- _Instructions to follow_: From the listing below, extract each line containing the string "fixed".

- _Dataset extract_:
--

(* For every team $R$ of three robots, the Equivalent Oscillation problem $EqOsc$ is solvable by $R$ in the model $\mathcal{FSTA}$ under the fully synchronous scheduler with limited visibility, i.e. $EqOsc\in Task(\mathcal{FSTA}, FSYNCH, \mathcal{L.V.}; R)$.
   Context: Robots are anonymous, identical, autonomous points in the Euclidean plane. Each has its own local coordinate system, with no common chirality. Robots operate in Look-Compute-Move cycles: an instantaneous snapshot of visible robot positions, a computation of a destination, then a move. In $\mathcal{FSTA}$, each robot has a persistent light with colors from a finite set, set at the end of Compute and visible only to its owner; it serves as finite internal memory, and robots are silent. Under the fully synchronous scheduler, all robots are activated in every round. Under limited visibility, a robot sees only robots within a fixed distance $V_r$ (same for all robots) of its current position, and the initial visibility graph (robots adjacent iff they see each other) is connected. Problem Equivalent Oscillation ($EqOsc$): three robots $r_1,r_2,r_3$ are initially at collinear points $B,A,C$ respectively, with $AB=AC=d$. Let $B',C'$ be the points on this line (on segments $AB$, $AC$) with $AB'=AC'=\frac{2d}{3}$. The robots $r_1$ and $r_3$ must always be equidistant from $r_2$ (which is at $A$). They must also oscillate: if at some round $t$, $r_1,r_3$ are at $B,C$, then at some round $t'>t$ they are at $B',C'$; and if at round $t'$ they are at $B',C'$, then at some round $t''>t'$ they are at $B,C$. *)

theory Defs
  imports Complex_Main
begin

text \<open>Each robot has a fixed local coordinate system,
given by a linear similarity (arbitrary unit length, rotation, and possibly a
reflection = no common chirality); its own current position is the origin of
its local view.\<close>

datatype rob = R1 | R2 | R3

text \<open>A frame (a, refl) with a \<noteq> 0: global displacement z is seen locally as
a * z (or a * conjugate z if refl).\<close>
type_synonym frame = "complex \<times> bool"

definition valid_frame :: "frame \<Rightarrow> bool" where
  "valid_frame F \<longleftrightarrow> fst F \<noteq> 0"

definition to_local :: "frame \<Rightarrow> complex \<Rightarrow> complex" where
  "to_local F z = fst F * (if snd F then cnj z else z)"

definition to_global :: "frame \<Rightarrow> complex \<Rightarrow> complex" where
  "to_global F w = (if snd F then cnj (w / fst F) else w / fst F)"

text \<open>An FSTA algorithm: from the robot's own light colour and the snapshot
(local positions of the visible robots, itself included at the origin) it
computes a new colour and a destination in local coordinates.\<close>
type_synonym algo = "nat \<Rightarrow> complex set \<Rightarrow> nat \<times> complex"

definition snapshot :: "real \<Rightarrow> frame \<Rightarrow> (rob \<Rightarrow> complex) \<Rightarrow> rob \<Rightarrow> complex set" where
  "snapshot V F p i = {to_local F (p j - p i) | j. cmod (p j - p i) \<le> V}"

text \<open>Fully synchronous execution with rigid moves: all robots are activated
in every round.\<close>
fun exec :: "algo \<Rightarrow> (rob \<Rightarrow> frame) \<Rightarrow> real \<Rightarrow> (rob \<Rightarrow> complex) \<Rightarrow> nat \<Rightarrow> nat
             \<Rightarrow> (rob \<Rightarrow> complex) \<times> (rob \<Rightarrow> nat)" where
  "exec A F V p0 c0 0 = (p0, (\<lambda>_. c0))"
| "exec A F V p0 c0 (Suc t) =
     (let (p, c) = exec A F V p0 c0 t in
       ((\<lambda>i. p i + to_global (F i) (snd (A (c i) (snapshot V (F i) p i)))),
        (\<lambda>i. fst (A (c i) (snapshot V (F i) p i)))))"

definition pos :: "algo \<Rightarrow> (rob \<Rightarrow> frame) \<Rightarrow> real \<Rightarrow> (rob \<Rightarrow> complex) \<Rightarrow> nat \<Rightarrow> nat \<Rightarrow> rob \<Rightarrow> complex" where
  "pos A F V p0 c0 t = fst (exec A F V p0 c0 t)"

definition vis_connected :: "real \<Rightarrow> (rob \<Rightarrow> complex) \<Rightarrow> bool" where
  "vis_connected V p \<longleftrightarrow> (\<forall>i j. (\<lambda>x y. cmod (p x - p y) \<le> V)\<^sup>*\<^sup>* i j)"

text \<open>EqOsc specification for a trajectory q, with A = centre and u = vector from A to C
(so B = A - u, C = A + u, d = |u|, B' = A - 2u/3, C' = A + 2u/3).\<close>
definition eqosc_ok :: "(nat \<Rightarrow> rob \<Rightarrow> complex) \<Rightarrow> complex \<Rightarrow> complex \<Rightarrow> bool" where
  "eqosc_ok q a u \<longleftrightarrow>
     (\<forall>t. q t R2 = a) \<and>
     (\<forall>t. cmod (q t R1 - q t R2) = cmod (q t R3 - q t R2)) \<and>
     (\<forall>t. q t R1 = a - u \<and> q t R3 = a + u \<longrightarrow>
          (\<exists>t'>t. q t' R1 = a - (2/3) * u \<and> q t' R3 = a + (2/3) * u)) \<and>
     (\<forall>t. q t R1 = a - (2/3) * u \<and> q t R3 = a + (2/3) * u \<longrightarrow>
          (\<exists>t'>t. q t' R1 = a - u \<and> q t' R3 = a + u))"

end

theory Submission
  imports Defs
begin

text \<open>The centre is the only robot whose view is centrally symmetric, so it never moves.
For an endpoint the nearest visible robot is the centre, so it knows the vector to the
centre in its own coordinates; as frames are similarities, moving by a third of that vector
takes it from distance \<open>d\<close> to \<open>2d/3\<close>, and moving by minus a half takes it back.
One bit of light says which of the two moves is due, and under the fully synchronous
scheduler both endpoints make the same move in every round. Connectivity of the initial
visibility graph forces \<open>d \<le> V\<close>, so the centre stays visible to the endpoints throughout.\<close>

definition symmetric_view :: "complex set \<Rightarrow> bool" where
  "symmetric_view S \<longleftrightarrow> (\<exists>x\<in>S. x \<noteq> 0 \<and> -x \<in> S)"

definition nearest_other :: "complex set \<Rightarrow> complex" where
  "nearest_other S = (SOME x. x \<in> S - {0} \<and> (\<forall>y\<in>S - {0}. cmod x \<le> cmod y))"

definition eqosc_algo :: algo where
  "eqosc_algo c S =
     (if symmetric_view S then (c, 0)
      else if c = 0 then (1, (1/3) *\<^sub>R nearest_other S)
      else (0, (-1/2) *\<^sub>R nearest_other S))"

lemma endpoint_view:
  assumes "w \<noteq> 0" "w \<in> S" "S \<subseteq> {0, w, 2 * w}"
  shows "\<not> symmetric_view S" and "nearest_other S = w"
proof -
  have "-w \<notin> {0, w, 2 * w}" "-(2 * w) \<notin> {0, w, 2 * w}"
    using assms(1) by (auto simp: complex_eq_iff)
  moreover have "x \<in> {w, 2 * w}" if "x \<in> S" "x \<noteq> 0" for x
    using that assms(3) by auto
  ultimately show "\<not> symmetric_view S"
    using assms(3) unfolding symmetric_view_def by blast
  have "cmod w \<le> cmod y" if "y \<in> S - {0}" for y
    using that assms(3) by (auto simp: norm_mult)
  moreover have "x = w" if "x \<in> S - {0}" "cmod x \<le> cmod w" for x
    using that assms(1,3) by (auto simp: norm_mult)
  ultimately show "nearest_other S = w"
    unfolding nearest_other_def using assms(1,2)
    by (intro some_equality) (auto intro: order_antisym)
qed

lemma to_local_uminus: "to_local F (- z) = - to_local F z"
  by (simp add: to_local_def)

lemma to_local_eq_0_iff: "valid_frame F \<Longrightarrow> to_local F z = 0 \<longleftrightarrow> z = 0"
  by (simp add: to_local_def valid_frame_def)

lemma to_global_scaleR_to_local:
  "valid_frame F \<Longrightarrow> to_global F (r *\<^sub>R to_local F z) = r *\<^sub>R z"
  by (simp add: to_local_def to_global_def valid_frame_def scaleR_conv_of_real)

lemma to_global_uminus: "to_global F (- w) = - to_global F w"
  by (simp add: to_global_def)

lemma to_global_0: "to_global F 0 = 0"
  by (simp add: to_global_def)

lemma snapshot_subset:
  "snapshot V F p i \<subseteq> {to_local F (p R1 - p i), to_local F (p R2 - p i), to_local F (p R3 - p i)}"
  unfolding snapshot_def by (auto split: rob.split_asm) (metis rob.exhaust)

definition line_config :: "complex \<Rightarrow> complex \<Rightarrow> rob \<Rightarrow> complex" where
  "line_config a v i = (case i of R1 \<Rightarrow> a - v | R2 \<Rightarrow> a | R3 \<Rightarrow> a + v)"

lemma line_config_R2 [simp]: "line_config a v R2 = a"
  by (simp add: line_config_def)

lemma snapshot_line_config:
  assumes "v \<noteq> 0" "cmod v \<le> V" "valid_frame F"
  shows "symmetric_view (snapshot V F (line_config a v) R2)"
    and "snapshot V F (line_config a v) R1 \<subseteq> {0, to_local F v, 2 * to_local F v}"
    and "to_local F v \<in> snapshot V F (line_config a v) R1"
    and "snapshot V F (line_config a v) R3 \<subseteq> {0, to_local F (-v), 2 * to_local F (-v)}"
    and "to_local F (-v) \<in> snapshot V F (line_config a v) R3"
proof -
  have seen: "to_local F (line_config a v j - line_config a v i)
                \<in> snapshot V F (line_config a v) i"
    if "cmod (line_config a v j - line_config a v i) \<le> V" for i j
    using that unfolding snapshot_def by blast
  show "to_local F v \<in> snapshot V F (line_config a v) R1"
    and "to_local F (-v) \<in> snapshot V F (line_config a v) R3"
    using seen[where i = R1 and j = R2] seen[where i = R3 and j = R2] assms(2)
    by (simp_all add: line_config_def)
  have "to_local F v \<in> snapshot V F (line_config a v) R2"
    and "- to_local F v \<in> snapshot V F (line_config a v) R2"
    using seen[where i = R2 and j = R3] seen[where i = R2 and j = R1] assms(2)
    by (simp_all add: line_config_def to_local_uminus)
  then show "symmetric_view (snapshot V F (line_config a v) R2)"
    using assms(1,3) to_local_eq_0_iff unfolding symmetric_view_def by blast
  show "snapshot V F (line_config a v) R1 \<subseteq> {0, to_local F v, 2 * to_local F v}"
    and "snapshot V F (line_config a v) R3 \<subseteq> {0, to_local F (-v), 2 * to_local F (-v)}"
    using snapshot_subset[of V F "line_config a v" R1] snapshot_subset[of V F "line_config a v" R3]
    by (auto simp: line_config_def to_local_def)
qed

lemma eqosc_algo_line_config:
  assumes "v \<noteq> 0" "cmod v \<le> V" "valid_frame G"
  shows "line_config a v i + to_global G (snd (eqosc_algo k (snapshot V G (line_config a v) i)))
           = line_config a ((if k = 0 then 2/3 else 3/2) *\<^sub>R v) i"
    and "fst (eqosc_algo k (snapshot V G (line_config a v) i))
           = (if i = R2 then k else if k = 0 then 1 else 0)"
proof -
  note view = snapshot_line_config[OF assms, of a]
  have "to_local G v \<noteq> 0" "to_local G (-v) \<noteq> 0"
    using assms(1,3) by (simp_all add: to_local_eq_0_iff)
  note R1 = endpoint_view[OF this(1) view(3,2)] and R3 = endpoint_view[OF this(2) view(5,4)]
  show "line_config a v i + to_global G (snd (eqosc_algo k (snapshot V G (line_config a v) i)))
          = line_config a ((if k = 0 then 2/3 else 3/2) *\<^sub>R v) i"
    using R1 R3 view(1) assms(3)
    by (cases i) (simp_all add: eqosc_algo_def line_config_def to_global_scaleR_to_local to_global_0
                    to_global_uminus to_local_uminus, simp_all add: scaleR_conv_of_real algebra_simps)
  show "fst (eqosc_algo k (snapshot V G (line_config a v) i))
          = (if i = R2 then k else if k = 0 then 1 else 0)"
    using R1 R3 view(1) by (cases i) (auto simp: eqosc_algo_def)
qed

definition eqosc_trajectory :: "complex \<Rightarrow> complex \<Rightarrow> nat \<Rightarrow> rob \<Rightarrow> complex" where
  "eqosc_trajectory a u t = line_config a (if even t then u else (2/3) *\<^sub>R u)"

lemma exec_eqosc_algo:
  assumes "u \<noteq> 0" "cmod u \<le> V" "\<forall>i. valid_frame (F i)"
  shows "exec eqosc_algo F V (line_config a u) 0 t
           = (eqosc_trajectory a u t, \<lambda>i. if even t \<or> i = R2 then 0 else 1)"
proof (induction t)
  case 0
  show ?case by (simp add: eqosc_trajectory_def)
next
  case (Suc t)
  define v where "v = (if even t then u else (2/3) *\<^sub>R u)"
  have "v \<noteq> 0" "cmod v \<le> V"
    using assms(1,2) norm_ge_zero[of u] unfolding v_def by (auto simp del: norm_ge_zero)
  note step = eqosc_algo_line_config[OF this assms(3)[rule_format]]
  define c :: "rob \<Rightarrow> nat" where "c i = (if even t \<or> i = R2 then 0 else 1)" for i
  have "exec eqosc_algo F V (line_config a u) 0 (Suc t)
          = (\<lambda>i. line_config a ((if c i = 0 then 2/3 else 3/2) *\<^sub>R v) i,
             \<lambda>i. if i = R2 then c i else if c i = 0 then 1 else 0)"
    using Suc.IH by (simp add: step c_def[symmetric] eqosc_trajectory_def v_def[symmetric])
  also have "\<dots> = (eqosc_trajectory a u (Suc t), \<lambda>i. if even (Suc t) \<or> i = R2 then 0 else 1)"
    by (auto simp: c_def v_def eqosc_trajectory_def line_config_def fun_eq_iff split: rob.split)
  finally show ?case .
qed

lemma vis_connected_line_config_imp_norm_le:
  assumes "vis_connected V (line_config a u)"
  shows "cmod u \<le> V"
proof (rule ccontr)
  assume far: "\<not> cmod u \<le> V"
  let ?sees = "\<lambda>x y. cmod (line_config a u x - line_config a u y) \<le> V"
  have stuck: "?sees R1 y \<Longrightarrow> y = R1" for y
    using far norm_ge_zero[of u]
    by (cases y) (auto simp: line_config_def norm_mult norm_minus_commute simp del: norm_ge_zero)
  have "?sees\<^sup>*\<^sup>* x y \<Longrightarrow> x = R1 \<Longrightarrow> y = R1" for x y
    by (induction rule: rtranclp_induct) (auto dest: stuck)
  then show False
    using assms unfolding vis_connected_def by blast
qed

lemma eqosc_ok_eqosc_trajectory:
  assumes "u \<noteq> 0"
  shows "eqosc_ok (eqosc_trajectory a u) a u"
proof -
  let ?q = "eqosc_trajectory a u"
  have "a - u \<noteq> a - (2/3) * u"
    using assms by (auto simp: complex_eq_iff)
  then have outer: "?q t R1 = a - u \<and> ?q t R3 = a + u \<longleftrightarrow> even t"
    and inner: "?q t R1 = a - (2/3) * u \<and> ?q t R3 = a + (2/3) * u \<longleftrightarrow> odd t" for t
    by (auto simp: eqosc_trajectory_def line_config_def scaleR_conv_of_real)
  have "cmod (?q t R1 - ?q t R2) = cmod (?q t R3 - ?q t R2)" for t
    by (simp add: eqosc_trajectory_def line_config_def)
  moreover have "\<exists>t'>t. odd t'" "\<exists>t'>t. even t'" for t :: nat
    by (rule exI[of _ "2 * t + 1"], simp) (rule exI[of _ "2 * t + 2"], simp)
  ultimately show ?thesis
    unfolding eqosc_ok_def outer inner by (auto simp: eqosc_trajectory_def)
qed

theorem lemma4:
  shows "\<exists>(Alg :: algo) (Col :: nat set) c0.
           finite Col \<and> c0 \<in> Col \<and> (\<forall>c\<in>Col. \<forall>S. fst (Alg c S) \<in> Col) \<and>
           (\<forall>(V::real) (a::complex) (u::complex) (F :: rob \<Rightarrow> frame) (p0 :: rob \<Rightarrow> complex).
              V > 0 \<longrightarrow> u \<noteq> 0 \<longrightarrow> (\<forall>i. valid_frame (F i)) \<longrightarrow>
              p0 R1 = a - u \<longrightarrow> p0 R2 = a \<longrightarrow> p0 R3 = a + u \<longrightarrow>
              vis_connected V p0 \<longrightarrow>
              eqosc_ok (pos Alg F V p0 c0) a u)"
proof (intro exI conjI allI impI)
  show "finite {0::nat, 1}" and "(0::nat) \<in> {0, 1}"
    by simp_all
  show "\<forall>c\<in>{0, 1}. \<forall>S. fst (eqosc_algo c S) \<in> {0, 1}"
    by (simp add: eqosc_algo_def)
  fix V :: real and a u :: complex and F :: "rob \<Rightarrow> frame" and p0 :: "rob \<Rightarrow> complex"
  assume "u \<noteq> 0" and frames: "\<forall>i. valid_frame (F i)"
    and "p0 R1 = a - u" "p0 R2 = a" "p0 R3 = a + u" and connected: "vis_connected V p0"
  then have p0: "p0 = line_config a u"
    by (auto simp: line_config_def split: rob.split)
  have "cmod u \<le> V"
    using connected by (simp add: p0 vis_connected_line_config_imp_norm_le)
  then have "pos eqosc_algo F V p0 0 = eqosc_trajectory a u"
    by (simp add: pos_def fun_eq_iff p0 exec_eqosc_algo[OF \<open>u \<noteq> 0\<close> _ frames])
  then show "eqosc_ok (pos eqosc_algo F V p0 0) a u"
    using \<open>u \<noteq> 0\<close> by (simp add: eqosc_ok_eqosc_trajectory)
qed

end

--

- _Exercise response_:
   Context: Robots are anonymous, identical, autonomous points in the Euclidean plane. Each has its own local coordinate system, with no common chirality. Robots operate in Look-Compute-Move cycles: an instantaneous snapshot of visible robot positions, a computation of a destination, then a move. In $\mathcal{FSTA}$, each robot has a persistent light with colors from a finite set, set at the end of Compute and visible only to its owner; it serves as finite internal memory, and robots are silent. Under the fully synchronous scheduler, all robots are activated in every round. Under limited visibility, a robot sees only robots within a fixed distance $V_r$ (same for all robots) of its current position, and the initial visibility graph (robots adjacent iff they see each other) is connected. Problem Equivalent Oscillation ($EqOsc$): three robots $r_1,r_2,r_3$ are initially at collinear points $B,A,C$ respectively, with $AB=AC=d$. Let $B',C'$ be the points on this line (on segments $AB$, $AC$) with $AB'=AC'=\frac{2d}{3}$. The robots $r_1$ and $r_3$ must always be equidistant from $r_2$ (which is at $A$). They must also oscillate: if at some round $t$, $r_1,r_3$ are at $B,C$, then at some round $t'>t$ they are at $B',C'$; and if at round $t'$ they are at $B',C'$, then at some round $t''>t'$ they are at $B,C$. *)
text \<open>Each robot has a fixed local coordinate system,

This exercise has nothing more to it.